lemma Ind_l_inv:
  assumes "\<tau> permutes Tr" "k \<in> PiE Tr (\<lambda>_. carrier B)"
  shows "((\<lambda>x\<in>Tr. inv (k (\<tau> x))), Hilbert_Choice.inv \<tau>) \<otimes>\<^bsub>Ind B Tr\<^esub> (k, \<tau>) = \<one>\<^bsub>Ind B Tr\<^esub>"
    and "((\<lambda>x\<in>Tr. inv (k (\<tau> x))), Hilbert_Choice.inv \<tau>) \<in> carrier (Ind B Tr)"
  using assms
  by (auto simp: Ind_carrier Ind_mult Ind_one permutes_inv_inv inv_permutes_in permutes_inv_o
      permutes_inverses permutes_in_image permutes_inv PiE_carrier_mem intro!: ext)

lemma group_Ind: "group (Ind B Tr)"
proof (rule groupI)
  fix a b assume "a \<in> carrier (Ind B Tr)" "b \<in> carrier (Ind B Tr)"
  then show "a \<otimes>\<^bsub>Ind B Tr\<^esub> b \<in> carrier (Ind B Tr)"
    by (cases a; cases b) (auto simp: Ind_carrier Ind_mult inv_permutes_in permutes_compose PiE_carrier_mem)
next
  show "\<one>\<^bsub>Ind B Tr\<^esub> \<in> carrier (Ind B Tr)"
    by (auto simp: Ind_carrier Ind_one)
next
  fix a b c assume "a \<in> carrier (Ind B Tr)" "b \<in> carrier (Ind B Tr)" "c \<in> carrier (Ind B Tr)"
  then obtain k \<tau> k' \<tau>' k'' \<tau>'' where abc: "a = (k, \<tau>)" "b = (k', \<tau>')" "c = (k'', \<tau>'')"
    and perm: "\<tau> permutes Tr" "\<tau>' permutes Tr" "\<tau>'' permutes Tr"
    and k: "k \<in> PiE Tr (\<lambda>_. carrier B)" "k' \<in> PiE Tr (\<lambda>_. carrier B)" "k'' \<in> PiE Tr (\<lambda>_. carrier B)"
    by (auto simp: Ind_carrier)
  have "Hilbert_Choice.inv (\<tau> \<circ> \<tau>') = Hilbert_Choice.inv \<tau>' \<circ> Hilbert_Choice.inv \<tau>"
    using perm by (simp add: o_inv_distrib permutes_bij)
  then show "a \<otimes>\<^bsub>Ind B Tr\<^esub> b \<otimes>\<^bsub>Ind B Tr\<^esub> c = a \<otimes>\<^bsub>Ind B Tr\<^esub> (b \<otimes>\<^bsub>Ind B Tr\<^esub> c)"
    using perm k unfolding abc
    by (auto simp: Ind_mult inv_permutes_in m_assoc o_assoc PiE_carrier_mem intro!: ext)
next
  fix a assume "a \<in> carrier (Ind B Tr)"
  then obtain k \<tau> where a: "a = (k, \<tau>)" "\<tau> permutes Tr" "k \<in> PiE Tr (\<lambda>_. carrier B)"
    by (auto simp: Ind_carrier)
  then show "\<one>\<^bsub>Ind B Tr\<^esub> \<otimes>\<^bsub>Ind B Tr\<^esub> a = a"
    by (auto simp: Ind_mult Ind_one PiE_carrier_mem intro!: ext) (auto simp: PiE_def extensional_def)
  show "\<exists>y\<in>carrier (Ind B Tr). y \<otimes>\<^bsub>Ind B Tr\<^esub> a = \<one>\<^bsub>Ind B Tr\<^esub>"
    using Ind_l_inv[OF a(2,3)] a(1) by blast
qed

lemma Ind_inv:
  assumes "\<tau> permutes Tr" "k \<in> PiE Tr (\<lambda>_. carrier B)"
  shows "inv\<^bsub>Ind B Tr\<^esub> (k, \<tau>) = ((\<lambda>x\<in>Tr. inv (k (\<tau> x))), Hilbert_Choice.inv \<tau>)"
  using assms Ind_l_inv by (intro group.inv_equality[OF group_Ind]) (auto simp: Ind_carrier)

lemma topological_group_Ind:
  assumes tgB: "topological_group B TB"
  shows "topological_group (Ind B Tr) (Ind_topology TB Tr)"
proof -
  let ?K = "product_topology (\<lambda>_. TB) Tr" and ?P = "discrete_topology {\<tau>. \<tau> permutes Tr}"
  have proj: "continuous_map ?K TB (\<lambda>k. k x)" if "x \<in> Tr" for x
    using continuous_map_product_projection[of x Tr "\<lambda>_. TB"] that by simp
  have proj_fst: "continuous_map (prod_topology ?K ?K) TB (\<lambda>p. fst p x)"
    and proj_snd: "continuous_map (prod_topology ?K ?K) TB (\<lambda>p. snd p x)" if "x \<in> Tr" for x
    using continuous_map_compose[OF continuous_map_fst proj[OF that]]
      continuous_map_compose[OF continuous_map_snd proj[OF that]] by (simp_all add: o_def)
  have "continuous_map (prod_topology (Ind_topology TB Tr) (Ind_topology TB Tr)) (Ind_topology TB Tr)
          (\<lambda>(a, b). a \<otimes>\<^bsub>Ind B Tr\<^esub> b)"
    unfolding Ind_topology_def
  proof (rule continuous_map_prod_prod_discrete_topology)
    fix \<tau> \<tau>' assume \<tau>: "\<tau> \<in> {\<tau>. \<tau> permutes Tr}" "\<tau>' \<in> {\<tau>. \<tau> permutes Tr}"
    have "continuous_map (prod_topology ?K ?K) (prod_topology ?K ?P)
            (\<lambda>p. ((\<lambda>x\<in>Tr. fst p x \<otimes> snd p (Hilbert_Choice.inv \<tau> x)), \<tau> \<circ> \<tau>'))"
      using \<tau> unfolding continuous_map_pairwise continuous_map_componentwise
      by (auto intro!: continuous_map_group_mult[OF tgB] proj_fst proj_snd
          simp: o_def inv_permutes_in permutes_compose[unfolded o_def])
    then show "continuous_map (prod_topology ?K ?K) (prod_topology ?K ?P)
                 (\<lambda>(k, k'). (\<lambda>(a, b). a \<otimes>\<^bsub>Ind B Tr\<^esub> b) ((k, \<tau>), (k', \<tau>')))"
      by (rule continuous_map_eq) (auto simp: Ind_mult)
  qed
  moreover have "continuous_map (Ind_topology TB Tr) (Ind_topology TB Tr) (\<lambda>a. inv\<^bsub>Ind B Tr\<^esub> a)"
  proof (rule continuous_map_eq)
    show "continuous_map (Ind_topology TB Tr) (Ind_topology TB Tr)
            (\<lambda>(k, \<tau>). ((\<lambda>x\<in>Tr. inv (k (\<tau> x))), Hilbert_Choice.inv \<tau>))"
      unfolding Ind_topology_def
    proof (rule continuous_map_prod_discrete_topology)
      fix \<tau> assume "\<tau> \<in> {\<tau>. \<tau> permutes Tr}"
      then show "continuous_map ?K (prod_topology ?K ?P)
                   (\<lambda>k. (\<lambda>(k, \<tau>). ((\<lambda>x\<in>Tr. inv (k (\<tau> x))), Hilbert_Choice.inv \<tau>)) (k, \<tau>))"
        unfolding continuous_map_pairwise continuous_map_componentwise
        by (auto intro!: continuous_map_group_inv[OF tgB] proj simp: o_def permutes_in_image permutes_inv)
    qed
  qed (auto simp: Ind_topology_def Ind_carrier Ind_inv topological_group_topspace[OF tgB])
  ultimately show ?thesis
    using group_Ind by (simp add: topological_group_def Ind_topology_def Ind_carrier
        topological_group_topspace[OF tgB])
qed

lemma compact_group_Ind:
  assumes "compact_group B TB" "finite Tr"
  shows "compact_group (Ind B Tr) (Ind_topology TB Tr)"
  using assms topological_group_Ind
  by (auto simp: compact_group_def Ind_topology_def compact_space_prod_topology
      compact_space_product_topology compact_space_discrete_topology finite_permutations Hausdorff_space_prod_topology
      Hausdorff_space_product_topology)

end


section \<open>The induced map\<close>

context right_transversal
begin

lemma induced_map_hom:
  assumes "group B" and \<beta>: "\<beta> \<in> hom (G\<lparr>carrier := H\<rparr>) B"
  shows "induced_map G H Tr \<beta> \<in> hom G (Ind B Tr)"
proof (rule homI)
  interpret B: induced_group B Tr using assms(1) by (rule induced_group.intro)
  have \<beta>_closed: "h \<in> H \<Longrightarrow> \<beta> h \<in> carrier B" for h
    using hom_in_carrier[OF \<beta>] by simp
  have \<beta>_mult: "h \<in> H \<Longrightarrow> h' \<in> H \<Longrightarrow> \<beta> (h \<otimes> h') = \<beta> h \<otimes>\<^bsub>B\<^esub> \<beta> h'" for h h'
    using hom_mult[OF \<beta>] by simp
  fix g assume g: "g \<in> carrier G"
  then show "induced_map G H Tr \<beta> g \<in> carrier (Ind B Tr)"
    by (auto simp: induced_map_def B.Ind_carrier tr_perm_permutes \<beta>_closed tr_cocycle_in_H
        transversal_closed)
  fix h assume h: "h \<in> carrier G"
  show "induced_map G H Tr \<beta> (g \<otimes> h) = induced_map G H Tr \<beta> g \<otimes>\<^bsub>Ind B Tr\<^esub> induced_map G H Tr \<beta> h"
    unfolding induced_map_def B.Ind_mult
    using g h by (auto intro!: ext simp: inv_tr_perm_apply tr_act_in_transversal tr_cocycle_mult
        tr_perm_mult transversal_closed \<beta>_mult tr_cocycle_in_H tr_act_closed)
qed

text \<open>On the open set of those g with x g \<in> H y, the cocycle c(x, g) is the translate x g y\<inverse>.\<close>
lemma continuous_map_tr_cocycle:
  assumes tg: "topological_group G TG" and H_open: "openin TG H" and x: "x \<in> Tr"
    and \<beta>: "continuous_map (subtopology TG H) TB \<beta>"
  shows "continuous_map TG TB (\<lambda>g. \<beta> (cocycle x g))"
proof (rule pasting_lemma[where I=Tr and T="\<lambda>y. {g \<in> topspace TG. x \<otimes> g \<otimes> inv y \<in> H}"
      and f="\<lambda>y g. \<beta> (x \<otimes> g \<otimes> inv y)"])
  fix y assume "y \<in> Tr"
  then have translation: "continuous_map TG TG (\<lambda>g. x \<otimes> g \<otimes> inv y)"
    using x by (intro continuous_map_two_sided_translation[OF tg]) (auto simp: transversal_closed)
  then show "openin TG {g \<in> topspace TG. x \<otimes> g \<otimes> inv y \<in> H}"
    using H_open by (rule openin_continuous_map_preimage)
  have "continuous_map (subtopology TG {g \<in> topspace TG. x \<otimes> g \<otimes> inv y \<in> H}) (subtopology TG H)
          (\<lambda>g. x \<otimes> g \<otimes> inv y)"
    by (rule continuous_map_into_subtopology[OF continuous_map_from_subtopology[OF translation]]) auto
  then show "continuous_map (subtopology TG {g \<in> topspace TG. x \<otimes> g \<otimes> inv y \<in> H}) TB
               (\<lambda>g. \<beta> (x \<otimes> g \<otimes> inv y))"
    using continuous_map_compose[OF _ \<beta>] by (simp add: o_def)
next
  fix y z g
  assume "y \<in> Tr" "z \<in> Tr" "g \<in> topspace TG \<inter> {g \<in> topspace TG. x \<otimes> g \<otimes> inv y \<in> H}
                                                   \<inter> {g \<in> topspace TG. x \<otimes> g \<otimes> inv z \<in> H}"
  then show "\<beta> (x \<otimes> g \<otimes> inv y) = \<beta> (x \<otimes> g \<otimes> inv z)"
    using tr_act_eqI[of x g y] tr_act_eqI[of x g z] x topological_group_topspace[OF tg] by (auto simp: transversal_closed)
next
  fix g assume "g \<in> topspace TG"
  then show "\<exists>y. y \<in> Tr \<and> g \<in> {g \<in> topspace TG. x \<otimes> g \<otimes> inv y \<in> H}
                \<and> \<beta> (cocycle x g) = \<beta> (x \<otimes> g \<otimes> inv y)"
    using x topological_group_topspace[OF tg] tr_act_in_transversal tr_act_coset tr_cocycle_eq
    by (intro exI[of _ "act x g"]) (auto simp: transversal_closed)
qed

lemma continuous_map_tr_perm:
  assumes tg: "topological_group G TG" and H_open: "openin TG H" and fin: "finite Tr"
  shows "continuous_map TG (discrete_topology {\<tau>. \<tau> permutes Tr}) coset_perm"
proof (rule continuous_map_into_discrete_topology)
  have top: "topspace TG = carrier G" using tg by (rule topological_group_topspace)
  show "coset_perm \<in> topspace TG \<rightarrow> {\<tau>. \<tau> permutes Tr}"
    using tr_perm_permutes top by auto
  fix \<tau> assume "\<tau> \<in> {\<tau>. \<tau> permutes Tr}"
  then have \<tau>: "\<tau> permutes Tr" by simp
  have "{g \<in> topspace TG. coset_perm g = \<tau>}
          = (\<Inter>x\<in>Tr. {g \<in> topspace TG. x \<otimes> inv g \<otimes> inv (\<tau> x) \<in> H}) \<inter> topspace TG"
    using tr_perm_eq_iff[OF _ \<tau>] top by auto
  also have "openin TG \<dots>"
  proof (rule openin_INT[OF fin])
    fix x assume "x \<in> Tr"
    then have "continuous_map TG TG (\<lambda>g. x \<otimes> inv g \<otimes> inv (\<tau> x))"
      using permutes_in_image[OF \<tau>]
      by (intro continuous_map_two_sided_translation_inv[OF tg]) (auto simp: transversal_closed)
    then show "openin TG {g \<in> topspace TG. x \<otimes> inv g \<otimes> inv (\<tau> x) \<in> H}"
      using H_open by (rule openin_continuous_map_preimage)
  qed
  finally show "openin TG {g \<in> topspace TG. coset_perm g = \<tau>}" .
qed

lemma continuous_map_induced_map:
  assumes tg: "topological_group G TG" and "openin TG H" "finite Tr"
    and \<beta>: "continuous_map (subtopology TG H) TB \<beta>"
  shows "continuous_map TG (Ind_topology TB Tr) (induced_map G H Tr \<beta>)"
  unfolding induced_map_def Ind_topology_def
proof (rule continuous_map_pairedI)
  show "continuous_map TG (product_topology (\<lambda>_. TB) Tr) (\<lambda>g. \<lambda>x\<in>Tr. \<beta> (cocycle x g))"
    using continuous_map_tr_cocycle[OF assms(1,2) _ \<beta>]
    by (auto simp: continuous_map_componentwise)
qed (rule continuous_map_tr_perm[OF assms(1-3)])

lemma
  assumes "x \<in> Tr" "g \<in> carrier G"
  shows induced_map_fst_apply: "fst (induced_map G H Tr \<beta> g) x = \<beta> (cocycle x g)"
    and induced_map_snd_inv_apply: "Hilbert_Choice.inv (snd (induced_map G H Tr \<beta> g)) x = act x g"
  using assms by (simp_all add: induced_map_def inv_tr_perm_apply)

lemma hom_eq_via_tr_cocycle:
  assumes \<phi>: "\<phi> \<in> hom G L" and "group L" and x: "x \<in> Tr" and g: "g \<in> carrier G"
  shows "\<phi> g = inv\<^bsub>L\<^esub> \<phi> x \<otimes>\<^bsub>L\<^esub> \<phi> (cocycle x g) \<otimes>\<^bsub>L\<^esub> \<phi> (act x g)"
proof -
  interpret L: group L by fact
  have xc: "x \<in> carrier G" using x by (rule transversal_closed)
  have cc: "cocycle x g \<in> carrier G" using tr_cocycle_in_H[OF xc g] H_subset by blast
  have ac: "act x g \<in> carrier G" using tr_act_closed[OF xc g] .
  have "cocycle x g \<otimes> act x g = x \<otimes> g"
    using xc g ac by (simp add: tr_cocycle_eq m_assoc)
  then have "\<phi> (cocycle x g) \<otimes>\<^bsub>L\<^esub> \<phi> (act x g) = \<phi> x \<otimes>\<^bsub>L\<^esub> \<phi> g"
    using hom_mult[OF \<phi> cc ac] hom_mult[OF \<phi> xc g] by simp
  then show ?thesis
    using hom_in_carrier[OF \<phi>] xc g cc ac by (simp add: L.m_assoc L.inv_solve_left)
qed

::::

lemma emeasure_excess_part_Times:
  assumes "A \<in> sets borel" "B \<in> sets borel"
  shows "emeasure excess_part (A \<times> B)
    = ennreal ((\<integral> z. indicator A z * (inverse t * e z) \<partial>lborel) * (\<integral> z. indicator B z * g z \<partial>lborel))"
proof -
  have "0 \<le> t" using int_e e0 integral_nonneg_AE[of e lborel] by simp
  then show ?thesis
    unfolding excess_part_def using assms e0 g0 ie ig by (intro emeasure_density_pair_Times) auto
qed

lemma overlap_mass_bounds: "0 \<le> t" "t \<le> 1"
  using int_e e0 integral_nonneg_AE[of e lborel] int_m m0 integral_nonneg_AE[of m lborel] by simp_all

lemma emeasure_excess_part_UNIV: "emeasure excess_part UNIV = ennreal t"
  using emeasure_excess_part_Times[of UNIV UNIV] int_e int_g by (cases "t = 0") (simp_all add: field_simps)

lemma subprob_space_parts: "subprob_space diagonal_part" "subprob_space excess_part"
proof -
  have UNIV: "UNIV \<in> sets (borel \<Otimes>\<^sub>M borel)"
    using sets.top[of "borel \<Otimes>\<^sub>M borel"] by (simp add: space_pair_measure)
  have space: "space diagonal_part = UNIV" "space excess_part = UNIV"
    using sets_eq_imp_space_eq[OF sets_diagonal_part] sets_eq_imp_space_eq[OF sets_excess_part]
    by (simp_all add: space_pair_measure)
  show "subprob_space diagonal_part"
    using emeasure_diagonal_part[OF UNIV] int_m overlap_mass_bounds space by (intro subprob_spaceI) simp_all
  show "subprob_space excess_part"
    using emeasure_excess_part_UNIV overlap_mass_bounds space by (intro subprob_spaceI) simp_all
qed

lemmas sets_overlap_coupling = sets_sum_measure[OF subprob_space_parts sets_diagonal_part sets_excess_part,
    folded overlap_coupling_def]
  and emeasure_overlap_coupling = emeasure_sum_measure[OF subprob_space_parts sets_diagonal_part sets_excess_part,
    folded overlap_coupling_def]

::::

> **AIM OF THE TASK**
Restate word for word only the lines above from the line containing "by (auto simp: Ind_mult inv_permutes_in" to the line containing "B Tr\<^esub> \<otimes>\<^bsub>Ind", both of them included.

> **ANSWER TO THIS PROBLEM**
    by (auto simp: Ind_mult inv_permutes_in m_assoc o_assoc PiE_carrier_mem intro!: ext)
next
  fix a assume "a \<in> carrier (Ind B Tr)"
  then obtain k \<tau> where a: "a = (k, \<tau>)" "\<tau> permutes Tr" "k \<in> PiE Tr (\<lambda>_. carrier B)"
    by (auto simp: Ind_carrier)
  then show "\<one>\<^bsub>Ind B Tr\<^esub> \<otimes>\<^bsub>Ind B Tr\<^esub> a = a"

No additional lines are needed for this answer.